The invention further provides a point cloud reconstruction system, which comprises the self-adaptive coding module.

Referring to fig. 11, the point cloud reconstruction system includes:

the first acquisition module 10 is used for acquiring point cloud data to be compressed and a data application scene;

the point cloud encoding module 20 is configured to encode the point cloud data by using the adaptive encoding module to obtain point cloud encoded data;

the point cloud decoding module 30 is configured to decode the point cloud encoded data according to the data application scenario to obtain point cloud reconstruction data.

Optionally, the adaptive coding module includes: a bit allocation unit and a feature learning unit, the point cloud encoding module 20 includes:

the prior data acquisition unit is used for separating and processing the ROI area in the point cloud data through the bit distribution unit to obtain point cloud prior data;

and the prior data encoding unit is used for carrying out local attention extraction processing on the point cloud prior data through the characteristic learning unit to obtain point cloud context data, and encoding the point cloud prior data according to the point cloud context data to obtain point cloud encoded data.

Optionally, the adaptive coding module includes: a code rate variable unit, the point cloud coding module 20 includes:

the encoder establishing unit is used for establishing a plurality of dynamic encoders with shared parameters through the code rate variable unit, and taking the dynamic encoder matched with the characteristic channel number of the point cloud data in the plurality of dynamic encoders as a target encoder;

and the shared parameter coding unit is used for determining a target parameter in the parameters according to a preset rule and controlling the target encoder to code the point cloud data according to the target parameter to obtain point cloud coded data.

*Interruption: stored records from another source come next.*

lemma indicator_orthant_vec_nth_le:
  "indicator orthant y * indicator {y. y $ j \<le> z} y
     = (\<Prod>k\<in>UNIV. indicator (if k = j then {0..z} else {0..}) (y $ k) :: real)"
proof -
  have "(\<forall>k\<in>UNIV. y $ k \<in> (if k = j then {0..z} else {0..})) \<longleftrightarrow> y \<in> orthant \<and> y $ j \<le> z"
    by (auto simp: orthant_def)
  then show ?thesis
    unfolding prod_indicator_eq_if[OF finite] by (simp add: indicator_def)
qed

lemma MMEam_fun_indicator_vec_nth_le:
  "indicator orthant y * MMEam_fun L \<alpha> T t p y * indicator {y. y $ j \<le> z} y
    = (\<Sum>i\<in>idx_set L. p i * (\<Prod>k\<in>UNIV. indicator (if k = j then {0..z} else {0..}) (y $ k) *
        ME_fun (\<alpha> (i k)) (T (i k)) (t (i k)) (y $ k)))"
proof -
  have "indicator orthant y * MMEam_fun L \<alpha> T t p y * indicator {y. y $ j \<le> z} y
      = (indicator orthant y * indicator {y. y $ j \<le> z} y) * MMEam_fun L \<alpha> T t p y"
    by (simp only: ac_simps)
  also have "\<dots> = (\<Prod>k\<in>UNIV. indicator (if k = j then {0..z} else {0..}) (y $ k))
      * MMEam_fun L \<alpha> T t p y"
    unfolding indicator_orthant_vec_nth_le ..
  finally show ?thesis
    by (simp add: MMEam_fun_def prod.distrib sum_distrib_left ac_simps)
qed

lemma
  fixes j :: "'m::finite" and p :: "('m \<Rightarrow> nat) \<Rightarrow> real"
  assumes ME: "\<forall>k\<in>{1..L}. ME_density (\<alpha> k) (T k) (t k)" and z: "0 \<le> z"
  defines "D y \<equiv> indicator orthant y * MMEam_fun L \<alpha> T t p y * indicator {y. y $ j \<le> z} y"
  shows integrable_lborel_MMEam_fun_vec_nth_le: "integrable lborel D"
    and integral_lborel_MMEam_fun_vec_nth_le: "integral\<^sup>L lborel D = MMEam_cdf L \<alpha> T t p j z"
proof -
  have ME_i: "ME_density (\<alpha> (i k)) (T (i k)) (t (i k))" if "i \<in> idx_set L" for i k
    using ME idx_set_mem[OF that] by blast
  note integrable = integrable_lborel_prod_ME_fun[where j = j, OF ME_i z]
  show "integrable lborel D"
    unfolding D_def MMEam_fun_indicator_vec_nth_le
    by (intro Bochner_Integration.integrable_sum integrable_mult_right integrable)
  have "integral\<^sup>L lborel D = (\<Sum>i\<in>idx_set L. \<integral>y. p i *
      (\<Prod>k\<in>UNIV. indicator (if k = j then {0..z} else {0..}) (y $ k) *
        ME_fun (\<alpha> (i k)) (T (i k)) (t (i k)) (y $ k)) \<partial>lborel)"
    unfolding D_def MMEam_fun_indicator_vec_nth_le
    by (rule Bochner_Integration.integral_sum) (intro ballI integrable_mult_right integrable)
  also have "\<dots> = MMEam_cdf L \<alpha> T t p j z"
    unfolding MMEam_cdf_def
  proof (intro sum.cong refl)
    fix i :: "'m \<Rightarrow> nat" assume "i \<in> idx_set L"
    from integral_lborel_prod_ME_fun[where j = j, OF ME_i[OF this] z] show "(\<integral>y. p i *
        (\<Prod>k\<in>UNIV. indicator (if k = j then {0..z} else {0..}) (y $ k) *
          ME_fun (\<alpha> (i k)) (T (i k)) (t (i k)) (y $ k)) \<partial>lborel)
      = p i * (1 - ME_surv (\<alpha> (i j)) (T (i j)) (t (i j)) z)"
      by simp
  qed
  finally show "integral\<^sup>L lborel D = MMEam_cdf L \<alpha> T t p j z" .
qed

lemma
  fixes X :: "'a \<Rightarrow> real^'m::finite"
  assumes ME: "\<forall>k\<in>{1..L}. ME_density (\<alpha> k) (T k) (t k)"
    and nonneg: "\<forall>y\<in>orthant. MMEam_fun L \<alpha> T t p y \<ge> 0"
    and X: "distributed M lborel X (\<lambda>y. ennreal (indicator orthant y * MMEam_fun L \<alpha> T t p y))"
    and z: "0 \<le> z"
  shows emeasure_MMEam_marginal_le: "emeasure M {\<omega>\<in>space M. X \<omega> $ j \<le> z} = ennreal (MMEam_cdf L \<alpha> T t p j z)"
    and MMEam_cdf_nonneg: "0 \<le> MMEam_cdf L \<alpha> T t p j z"
proof -
  define D where "D y = indicator orthant y * MMEam_fun L \<alpha> T t p y * indicator {y. y $ j \<le> z} y" for y
  have D_nonneg: "0 \<le> D y" for y
    using nonneg by (simp add: D_def indicator_def)
  have "emeasure M {\<omega>\<in>space M. X \<omega> $ j \<le> z} = emeasure M (X -` {y. y $ j \<le> z} \<inter> space M)"
    by (auto intro!: arg_cong[where f="emeasure M"])
  also have "\<dots> = (\<integral>\<^sup>+y. ennreal (indicator orthant y * MMEam_fun L \<alpha> T t p y) *
      indicator {y. y $ j \<le> z} y \<partial>lborel)"
    by (rule distributed_emeasure[OF X]) simp
  also have "\<dots> = (\<integral>\<^sup>+y. ennreal (D y) \<partial>lborel)"
    by (intro nn_integral_cong) (simp add: D_def indicator_def)
  also have "\<dots> = ennreal (integral\<^sup>L lborel D)"
    using integrable_lborel_MMEam_fun_vec_nth_le[OF ME z, of p j] D_nonneg
    by (intro nn_integral_eq_integral) (auto simp: D_def[abs_def])
  also have "\<dots> = ennreal (MMEam_cdf L \<alpha> T t p j z)"
    unfolding D_def[abs_def] integral_lborel_MMEam_fun_vec_nth_le[OF ME z] ..
  finally show "emeasure M {\<omega>\<in>space M. X \<omega> $ j \<le> z} = ennreal (MMEam_cdf L \<alpha> T t p j z)" .
  show "0 \<le> MMEam_cdf L \<alpha> T t p j z"
    using integral_nonneg_AE[of D lborel] D_nonneg
    unfolding D_def[abs_def] integral_lborel_MMEam_fun_vec_nth_le[OF ME z] by simp
qed

lemma
  fixes N :: "real measure" and j :: "'m::finite"
  assumes ME: "\<forall>k\<in>{1..L}. ME_density (\<alpha> k) (T k) (t k)"
    and psum: "(\<Sum>i\<in>idx_set L. p i) = 1"
    and x: "0 \<le> x" and N: "prob_space N" and sets_N: "sets N = sets borel"
    and nonneg: "AE r in N. 0 \<le> r"
  shows integrable_MMEam_cdf: "integrable N (\<lambda>r. MMEam_cdf L \<alpha> T t p j (x * r))"
    and integral_MMEam_cdf: "(\<integral>r. MMEam_cdf L \<alpha> T t p j (x * r) \<partial>N) = 1 - (\<Sum>i\<in>idx_set L. p i *
      (\<alpha> (i j) \<bullet> (mat_laplace N (- (x \<cdot>\<^sub>m T (i j))) *\<^sub>v ME_l (T (i j)) (t (i j)))))"
proof -
  interpret N: prob_space N by (rule N)
  have ME_i: "ME_triple (\<alpha> (i j)) (T (i j)) (t (i j))" if "i \<in> idx_set L" for i
    using ME idx_set_mem[OF that] by (auto simp: ME_density_def)
  note integrable = integrable_ME_surv[OF ME_i x N sets_N nonneg]
  note laplace = scalar_prod_mat_laplace_ME_l[OF ME_i x N sets_N nonneg]
  show "integrable N (\<lambda>r. MMEam_cdf L \<alpha> T t p j (x * r))"
    unfolding MMEam_cdf_def by (auto intro!: integrable integrable_mult_right)
  have integral_1_minus: "(\<integral>r. 1 - ME_surv (\<alpha> (i j)) (T (i j)) (t (i j)) (x * r) \<partial>N)
      = 1 - (\<integral>r. ME_surv (\<alpha> (i j)) (T (i j)) (t (i j)) (x * r) \<partial>N)" if "i \<in> idx_set L" for i
    using integrable[OF that] by (subst Bochner_Integration.integral_diff) (auto simp: N.prob_space)
  have "(\<integral>r. MMEam_cdf L \<alpha> T t p j (x * r) \<partial>N)
      = (\<Sum>i\<in>idx_set L. p i * (1 - (\<integral>r. ME_surv (\<alpha> (i j)) (T (i j)) (t (i j)) (x * r) \<partial>N)))"
    unfolding MMEam_cdf_def
    by (subst Bochner_Integration.integral_sum)
      (auto intro!: sum.cong integrable integrable_mult_right simp: integral_1_minus)
  also have "\<dots> = 1 - (\<Sum>i\<in>idx_set L. p i *
      (\<alpha> (i j) \<bullet> (mat_laplace N (- (x \<cdot>\<^sub>m T (i j))) *\<^sub>v ME_l (T (i j)) (t (i j)))))"
    by (simp add: laplace right_diff_distrib sum_subtractf psum)
  finally show "(\<integral>r. MMEam_cdf L \<alpha> T t p j (x * r) \<partial>N) = 1 - (\<Sum>i\<in>idx_set L. p i *
      (\<alpha> (i j) \<bullet> (mat_laplace N (- (x \<cdot>\<^sub>m T (i j))) *\<^sub>v ME_l (T (i j)) (t (i j)))))" .
qed


section \<open>Division by an independent positive variable\<close>

lemma sigma_sets_vimage_sets:
  assumes "Z \<in> measurable M N"
  shows "sigma_sets (space M) {Z -` A \<inter> space M | A. A \<in> sets N} = {Z -` A \<inter> space M | A. A \<in> sets N}"
  using sigma_sets_vimage_commute[of Z "space M" "space N" "sets N"] measurable_space[OF assms]
    sets.sigma_sets_eq[of N]
  by auto

lemma (in prob_space) indep_var_of_indep_set_vimage:
  assumes "indep_set {X -` A \<inter> space M | A. A \<in> sets S} {Y -` A \<inter> space M | A. A \<in> sets T}"
    and "random_variable S X" and "random_variable T Y"
  shows "indep_var S X T Y"
  using assms by (simp add: indep_var_eq sigma_sets_vimage_sets)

Optionally, the point cloud decoding module 30 includes:

the human eye priori data acquisition unit is used for extracting priori information from the point cloud significance data corresponding to the point cloud data to obtain point cloud gain data when the data application scene is human eye perception;

and the decoding gain unit is used for decoding the point cloud coding data according to the point cloud gain data to obtain point cloud reconstruction data.

Optionally, the point cloud decoding module 30 includes:

the object detection unit is used for carrying out object detection on the point cloud coded data to obtain object detection data when the data application scene is machine perception;

And the machine decoding unit is used for decoding the point cloud coding data according to the object detection data to obtain point cloud reconstruction data.

Optionally, the point cloud reconstruction system further comprises:

the downsampling module is used for obtaining a point cloud data category according to the density of the point cloud data, determining a downsampling step length according to the point cloud data category, and downsampling the point cloud data according to the downsampling step length;

based on this, the point cloud encoding module 20 is further configured to encode the down-sampled point cloud data by using the adaptive encoding module to obtain point cloud encoded data.

Optionally, the point cloud reconstruction system further comprises:

and the up-sampling module is used for determining an up-sampling step length according to the point cloud data category, up-sampling the point cloud reconstruction data according to the up-sampling step length, and taking the up-sampled point cloud reconstruction data as new point cloud reconstruction data.

The function implementation of each module in the point cloud reconstruction system corresponds to each step in the embodiment of the point cloud reconstruction method, and the function and implementation process of each module are not described in detail herein.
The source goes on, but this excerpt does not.